WHAT THE TASK ASKS:
Only the lines below from the one containing "term \<open>u l\<close>." to the one containing "using bit_add_self[of 1] by simp" should be repeated, both included and unchanged.
*** SOURCE DATA ***
(* Let $\gamma:\pi\to\pi'$ be an arrow of some Rauzy class on the alphabet $\mathcal{A}$. Then $Q_{\pi'}(u)=Q_\pi(u\overline{B}_\gamma)$ for every $u\in(\mathbb{Z}/2\mathbb{Z})^{\mathcal{A}}$.
   Context: Permutations $\pi=(\pi_{\mathrm t},\pi_{\mathrm b})$ are pairs of bijections $\mathcal{A}\to\{1,\dots,d\}$, $d\ge3$, irreducible and nondegenerate; $\alpha_{\varepsilon,j}=\pi_\varepsilon^{-1}(j)$. Rauzy induction: the top operation, with $\alpha_{\mathrm b,k}=\alpha_{\mathrm t,d}$, replaces the bottom row by $\alpha_{\mathrm b,1},\dots,\alpha_{\mathrm b,k},\alpha_{\mathrm b,d},\alpha_{\mathrm b,k+1},\dots,\alpha_{\mathrm b,d-1}$ (winner $\alpha_{\mathrm t,d}$, loser $\alpha_{\mathrm b,d}$); the bottom operation, with $\alpha_{\mathrm t,k}=\alpha_{\mathrm b,d}$, replaces the top row by $\alpha_{\mathrm t,1},\dots,\alpha_{\mathrm t,k},\alpha_{\mathrm t,d},\alpha_{\mathrm t,k+1},\dots,\alpha_{\mathrm t,d-1}$ (winner $\alpha_{\mathrm b,d}$, loser $\alpha_{\mathrm t,d}$). An arrow $\gamma:\pi\to\pi'$ is one such operation, and $B_\gamma=\mathrm{Id}+E_{\alpha_{\mathrm l}\alpha_{\mathrm w}}$ with $\alpha_{\mathrm w},\alpha_{\mathrm l}$ its winner and loser. $(\Omega_\pi)_{\alpha\beta}=+1$ if $\pi_{\mathrm t}(\alpha)<\pi_{\mathrm t}(\beta)$ and $\pi_{\mathrm b}(\alpha)>\pi_{\mathrm b}(\beta)$, $-1$ if the reverse inequalities hold, $0$ otherwise. A bar denotes reduction mod 2. $Q_\pi(u)=\sum_{\pi_{\mathrm t}(\alpha)<\pi_{\mathrm t}(\beta)}u_\alpha(\Omega_\pi)_{\alpha\beta}u_\beta+\sum_\alpha u_\alpha\bmod 2$ for $u\in(\mathbb{Z}/2\mathbb{Z})^{\mathcal{A}}$; vectors act on matrices from the left (row vectors). *)

theory Defs
  imports Main "HOL-Library.Numeral_Type"
begin

text \<open>A permutation pi = (pi_t, pi_b) on the finite alphabet 'a: two bijections onto {1..d}, d = CARD('a).\<close>
type_synonym 'a perm2 = "('a \<Rightarrow> nat) \<times> ('a \<Rightarrow> nat)"

definition is_perm2 :: "'a::finite perm2 \<Rightarrow> bool" where
  "is_perm2 p \<longleftrightarrow> bij_betw (fst p) UNIV {1..CARD('a)} \<and> bij_betw (snd p) UNIV {1..CARD('a)}"

definition irreducible2 :: "'a::finite perm2 \<Rightarrow> bool" where
  "irreducible2 p \<longleftrightarrow> (\<forall>k. 1 \<le> k \<and> k < CARD('a) \<longrightarrow>
      {a. fst p a \<le> k} \<noteq> {a. snd p a \<le> k})"

definition letter :: "('a \<Rightarrow> nat) \<Rightarrow> nat \<Rightarrow> 'a" where
  "letter f j = (THE a. f a = j)"

text \<open>Insert the letter at position d right after position k, shifting k+1..d-1 by one.\<close>
definition rauzy_row :: "nat \<Rightarrow> nat \<Rightarrow> ('a \<Rightarrow> nat) \<Rightarrow> 'a \<Rightarrow> nat" where
  "rauzy_row d k f b = (if f b \<le> k then f b else if f b = d then k + 1 else f b + 1)"

definition rauzy_top :: "'a::finite perm2 \<Rightarrow> 'a perm2" where
  "rauzy_top p = (fst p,
     rauzy_row CARD('a) (snd p (letter (fst p) CARD('a))) (snd p))"

definition rauzy_bot :: "'a::finite perm2 \<Rightarrow> 'a perm2" where
  "rauzy_bot p = (rauzy_row CARD('a) (fst p (letter (snd p) CARD('a))) (fst p), snd p)"

definition rauzy_arrow :: "'a::finite perm2 \<Rightarrow> 'a perm2 \<Rightarrow> 'a \<Rightarrow> 'a \<Rightarrow> bool" where
  "rauzy_arrow p p' w l \<longleftrightarrow>
     (p' = rauzy_top p \<and> w = letter (fst p) CARD('a) \<and> l = letter (snd p) CARD('a)) \<or>
     (p' = rauzy_bot p \<and> w = letter (snd p) CARD('a) \<and> l = letter (fst p) CARD('a))"

definition Bmat :: "'a \<Rightarrow> 'a \<Rightarrow> 'a \<Rightarrow> 'a \<Rightarrow> int" where
  "Bmat w l a b = (if a = b then 1 else 0) + (if a = l \<and> b = w then 1 else 0)"

definition mod2_mat :: "('a \<Rightarrow> 'a \<Rightarrow> int) \<Rightarrow> 'a \<Rightarrow> 'a \<Rightarrow> 2" where
  "mod2_mat M a b = of_int (M a b)"

definition vecmat :: "('a::finite \<Rightarrow> 2) \<Rightarrow> ('a \<Rightarrow> 'a \<Rightarrow> 2) \<Rightarrow> 'a \<Rightarrow> 2" where
  "vecmat u M b = (\<Sum>a\<in>UNIV. u a * M a b)"

definition Omega :: "'a perm2 \<Rightarrow> 'a \<Rightarrow> 'a \<Rightarrow> int" where
  "Omega p a b = (if fst p a < fst p b \<and> snd p a > snd p b then 1
                  else if fst p a > fst p b \<and> snd p a < snd p b then -1 else 0)"

definition Qform :: "'a::finite perm2 \<Rightarrow> ('a \<Rightarrow> 2) \<Rightarrow> 2" where
  "Qform p u = (\<Sum>(a, b)\<in>{(a, b). fst p a < fst p b}. u a * of_int (Omega p a b) * u b)
               + (\<Sum>a\<in>UNIV. u a)"

end

theory Submission
  imports Defs
begin

text \<open>
  Mod 2, \<open>Q(u)\<close> is the sum of \<open>u a u b\<close> over the crossing pairs (a before b in one row,
  after b in the other) plus \<open>\<Sum>\<^sub>a u a\<close>. An arrow changes only the row in which the loser l
  is last, moving l to just behind the winner w there; so exactly the pairs \<open>{l, x}\<close> with x
  behind w change their crossing status, and Q changes by \<open>u l \<Sum>\<^sub>x u x\<close> over these x.
  On the other side, \<open>u B\<close> adds \<open>u l\<close> to the coordinate of w, which is last in the other
  row; w crosses exactly the letters behind it, which gives the same sum plus the term
  \<open>x = l\<close>, and that term cancels against the new linear term \<open>u l\<close>.
\<close>

lemma bit_cases: "(x::2) = 0 \<or> x = 1"
proof (cases x)
  case (of_int z)
  then have "z < 2" by simp
  then have "z = 0 \<or> z = 1" using of_int by arith
  then show ?thesis using of_int by auto
qed

lemma bit_add_self [simp]: "(x::2) + x = 0"
  using bit_cases[of x] by auto

lemma bit_mult_self [simp]: "(x::2) * x = x"
  using bit_cases[of x] by auto

lemma bit_two_eq_zero [simp]: "(2::2) = 0"
  using bit_add_self[of 1] by simp

definition crossing_form :: "('a::finite \<Rightarrow> nat) \<Rightarrow> ('a \<Rightarrow> nat) \<Rightarrow> ('a \<Rightarrow> 2) \<Rightarrow> 2" where
  "crossing_form T G u =
     (\<Sum>a\<in>UNIV. \<Sum>b\<in>UNIV. of_bool (T a < T b \<and> G b < G a) * u a * u b) + (\<Sum>a\<in>UNIV. u a)"

lemma Qform_eq_crossing_form: "Qform p u = crossing_form (fst p) (snd p) u"
proof -
  have "(\<Sum>a\<in>UNIV. \<Sum>b\<in>UNIV. of_bool (fst p a < fst p b \<and> snd p b < snd p a) * u a * u b)
      = (\<Sum>(a, b)\<in>UNIV. (of_bool (fst p a < fst p b \<and> snd p b < snd p a) * u a * u b :: 2))"
    by (simp add: sum.cartesian_product)
  also have "\<dots> = (\<Sum>(a, b)\<in>{(a, b). fst p a < fst p b}. u a * of_int (Omega p a b) * u b)"
    by (rule sum.mono_neutral_cong_right) (auto simp: Omega_def of_bool_def split: if_splits)
  finally show ?thesis unfolding Qform_def crossing_form_def by simp
qed

lemma crossing_form_swap: "crossing_form T G u = crossing_form G T u"
  unfolding crossing_form_def by (subst sum.swap) (simp add: ac_simps conj_commute)

lemma vecmat_Bmat: "vecmat u (mod2_mat (Bmat w l)) = u(w := u w + u l)"
proof
  fix x
  have "vecmat u (mod2_mat (Bmat w l)) x
      = (\<Sum>a\<in>UNIV. (if a = x then u a else 0) + (if a = l \<and> x = w then u a else 0))"
    unfolding vecmat_def mod2_mat_def Bmat_def by (rule sum.cong) auto
  then show "vecmat u (mod2_mat (Bmat w l)) x = (u(w := u w + u l)) x"
    by (simp add: sum.distrib)
qed

lemma letter_bij_betw:
  assumes "bij_betw T UNIV {1..n}" and "j \<in> {1..n}"
  shows "T (letter T j) = j"
proof -
  have "\<exists>!a. T a = j"
    using assms unfolding bij_betw_def inj_on_def by (metis UNIV_I imageE)
  then show ?thesis unfolding letter_def by (rule theI')
qed

lemma letter_bij_betw_iff:
  assumes "bij_betw T UNIV {1..n}" and "j \<in> {1..n}"
  shows "T a = j \<longleftrightarrow> a = letter T j"
  using letter_bij_betw[OF assms] assms(1) unfolding bij_betw_def by (metis injD)

lemma bij_betw_below_last:
  assumes "bij_betw T UNIV {1..n}" and "1 \<le> n"
  shows "{a. T a \<le> n - 1} = - {letter T n}"
proof (rule set_eqI)
  fix a
  have "T a \<le> n" using assms(1) unfolding bij_betw_def by auto
  then show "a \<in> {a. T a \<le> n - 1} \<longleftrightarrow> a \<in> - {letter T n}"
    using letter_bij_betw_iff[OF assms(1), of n a] assms(2) by auto
qed

lemma irreducible2_last_letters_differ:
  fixes p :: "'a::finite perm2"
  assumes "CARD('a) \<ge> 2" and "is_perm2 p" and "irreducible2 p"
  shows "letter (fst p) CARD('a) \<noteq> letter (snd p) CARD('a)"
proof
  assume "letter (fst p) CARD('a) = letter (snd p) CARD('a)"
  moreover have "1 \<le> CARD('a)" using assms(1) by simp
  ultimately have "{a. fst p a \<le> CARD('a) - 1} = {a. snd p a \<le> CARD('a) - 1}"
    using assms(2) bij_betw_below_last unfolding is_perm2_def by metis
  moreover have "1 \<le> CARD('a) - 1" "CARD('a) - 1 < CARD('a)" using assms(1) by auto
  ultimately show False using assms(3) unfolding irreducible2_def by blast
qed

lemma crossing_form_update_last:
  assumes "inj T" and last: "\<And>a. T a \<le> T w"
  shows "crossing_form T G (u(w := u w + c))
       = crossing_form T G u + c * (\<Sum>a | G w < G a. u a) + c"
proof -
  let ?v = "u(w := u w + c)"
  have "T a < T w" if "a \<noteq> w" for a
    using last[of a] \<open>inj T\<close> that by (metis injD order_le_neq_trans)
  then have summand: "of_bool (T a < T b \<and> G b < G a) * ?v a * ?v b
      = of_bool (T a < T b \<and> G b < G a) * u a * u b
        + (if b = w then if G w < G a then c * u a else 0 else 0)" for a b
    using last[of b] by (cases "a = w") (auto simp: algebra_simps)
  have "(\<Sum>a\<in>UNIV. \<Sum>b\<in>UNIV. if b = w then if G w < G a then c * u a else 0 else (0::2))
      = c * (\<Sum>a | G w < G a. u a)"
    by (simp add: sum_distrib_left sum.inter_filter[symmetric])
  moreover have "(\<Sum>a\<in>UNIV. ?v a) = (\<Sum>a\<in>UNIV. u a + (if a = w then c else 0))"
    by (rule sum.cong) auto
  ultimately show ?thesis
    unfolding crossing_form_def summand by (simp add: sum.distrib algebra_simps)
qed

lemma crossing_form_rauzy_row:
  assumes "inj T" "inj G" and "G l = d" and "\<And>a. G a \<le> d" and "k < d"
  shows "crossing_form T (rauzy_row d k G) u
       = crossing_form T G u + u l * (\<Sum>x | x \<noteq> l \<and> k < G x. u x)"
proof -
  let ?G' = "rauzy_row d k G"
  let ?after = "\<lambda>x. x \<noteq> l \<and> T l < T x \<and> k < G x"
  let ?before = "\<lambda>x. x \<noteq> l \<and> T x < T l \<and> k < G x"
  have G_less: "G a < d" if "a \<noteq> l" for a
    using assms(2-4) that by (metis injD order_le_neq_trans)
  have "(of_bool (T a < T b \<and> ?G' b < ?G' a) :: 2)
      = of_bool (T a < T b \<and> G b < G a)
        + (if a = l then of_bool (?after b) else 0) + (if b = l then of_bool (?before a) else 0)" for a b
    using G_less[of a] G_less[of b] \<open>k < d\<close> \<open>G l = d\<close> injD[OF \<open>inj G\<close>, of a b] injD[OF \<open>inj T\<close>, of a b]
    unfolding rauzy_row_def by auto
  then have summand: "of_bool (T a < T b \<and> ?G' b < ?G' a) * u a * u b
      = of_bool (T a < T b \<and> G b < G a) * u a * u b
        + (if a = l then u l * (of_bool (?after b) * u b) else 0)
        + (if b = l then u l * (of_bool (?before a) * u a) else 0)" for a b
    by (simp add: algebra_simps)
  have "(\<Sum>a\<in>UNIV. \<Sum>b\<in>UNIV. if a = l then u l * (of_bool (?after b) * u b) else 0)
      = u l * (\<Sum>x | ?after x. u x)"
    by (subst sum.swap) (simp add: sum_distrib_left[symmetric])
  moreover have "(\<Sum>a\<in>UNIV. \<Sum>b\<in>UNIV. if b = l then u l * (of_bool (?before a) * u a) else 0)
      = u l * (\<Sum>x | ?before x. u x)"
    by (simp add: sum_distrib_left[symmetric])
  moreover have "(\<Sum>x | ?after x. u x) + (\<Sum>x | ?before x. u x) = (\<Sum>x | x \<noteq> l \<and> k < G x. u x)"
  proof -
    have "{x. x \<noteq> l \<and> k < G x} = {x. ?after x} \<union> {x. ?before x}"
      using injD[OF \<open>inj T\<close>, of _ l] by (auto simp: nat_neq_iff) (metis nat_neq_iff)
    then show ?thesis
      by (simp add: sum.union_disjoint disjoint_iff)
  qed
  ultimately show ?thesis
    unfolding crossing_form_def summand by (simp add: sum.distrib algebra_simps flip: distrib_left)
qed

lemma crossing_form_rauzy_step:
  fixes T G :: "'a::finite \<Rightarrow> nat"
  assumes bT: "bij_betw T UNIV {1..CARD('a)}" and bG: "bij_betw G UNIV {1..CARD('a)}"
    and w: "w = letter T CARD('a)" and l: "l = letter G CARD('a)" and "w \<noteq> l"
  shows "crossing_form T (rauzy_row CARD('a) (G w) G) u = crossing_form T G (u(w := u w + u l))"
proof -
  let ?d = "CARD('a)"
  have d: "?d \<in> {1..?d}" by (simp add: Suc_leI)
  have "inj T" "inj G" and T_le: "\<And>a. T a \<le> ?d" and G_le: "\<And>a. G a \<le> ?d"
    using bT bG unfolding bij_betw_def by auto
  have "T w = ?d" "G l = ?d"
    using letter_bij_betw[OF bT d] letter_bij_betw[OF bG d] w l by auto
  have "G w < ?d"
    using letter_bij_betw_iff[OF bG d, of w] G_le[of w] \<open>w \<noteq> l\<close> l
    by (metis le_neq_implies_less)
  have "{a. G w < G a} = insert l {x. x \<noteq> l \<and> G w < G x}"
    using \<open>G l = ?d\<close> \<open>G w < ?d\<close> by auto
  moreover note crossing_form_rauzy_row[OF \<open>inj T\<close> \<open>inj G\<close> \<open>G l = ?d\<close> G_le \<open>G w < ?d\<close>, of u]
  moreover note crossing_form_update_last[OF \<open>inj T\<close>, of w G u "u l"]
  ultimately show ?thesis using T_le \<open>T w = ?d\<close> by (simp add: distrib_left)
qed

theorem lemma2p11:
  fixes p p' :: "'a::finite perm2" and w l :: 'a
  assumes "CARD('a) \<ge> 3"
    and "is_perm2 p" and "irreducible2 p"
    and "rauzy_arrow p p' w l"
  shows "\<forall>u :: 'a \<Rightarrow> 2. Qform p' u = Qform p (vecmat u (mod2_mat (Bmat w l)))"
proof
  fix u :: "'a \<Rightarrow> 2"
  have bT: "bij_betw (fst p) UNIV {1..CARD('a)}" and bG: "bij_betw (snd p) UNIV {1..CARD('a)}"
    using assms(2) unfolding is_perm2_def by auto
  have "letter (fst p) CARD('a) \<noteq> letter (snd p) CARD('a)"
    using irreducible2_last_letters_differ[OF _ assms(2,3)] assms(1) by simp
  with assms(4) show "Qform p' u = Qform p (vecmat u (mod2_mat (Bmat w l)))"
    unfolding rauzy_arrow_def
  proof (elim disjE conjE)
    assume "p' = rauzy_top p" "w = letter (fst p) CARD('a)" "l = letter (snd p) CARD('a)"
    then show ?thesis
      using crossing_form_rauzy_step[OF bT bG] \<open>letter _ _ \<noteq> _\<close>
      by (simp add: rauzy_top_def Qform_eq_crossing_form vecmat_Bmat)
  next
    assume "p' = rauzy_bot p" "w = letter (snd p) CARD('a)" "l = letter (fst p) CARD('a)"
    then show ?thesis
      using crossing_form_rauzy_step[OF bG bT] \<open>letter _ _ \<noteq> _\<close>
      by (simp add: rauzy_bot_def Qform_eq_crossing_form vecmat_Bmat crossing_form_swap[of _ "snd p"])
  qed
qed

end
*** End of SOURCE DATA ***
TASK ANSWER:
  \<open>x = l\<close>, and that term cancels against the new linear term \<open>u l\<close>.
\<close>

lemma bit_cases: "(x::2) = 0 \<or> x = 1"
proof (cases x)
  case (of_int z)
  then have "z < 2" by simp
  then have "z = 0 \<or> z = 1" using of_int by arith
  then show ?thesis using of_int by auto
qed

lemma bit_add_self [simp]: "(x::2) + x = 0"
  using bit_cases[of x] by auto

lemma bit_mult_self [simp]: "(x::2) * x = x"
  using bit_cases[of x] by auto

lemma bit_two_eq_zero [simp]: "(2::2) = 0"
  using bit_add_self[of 1] by simp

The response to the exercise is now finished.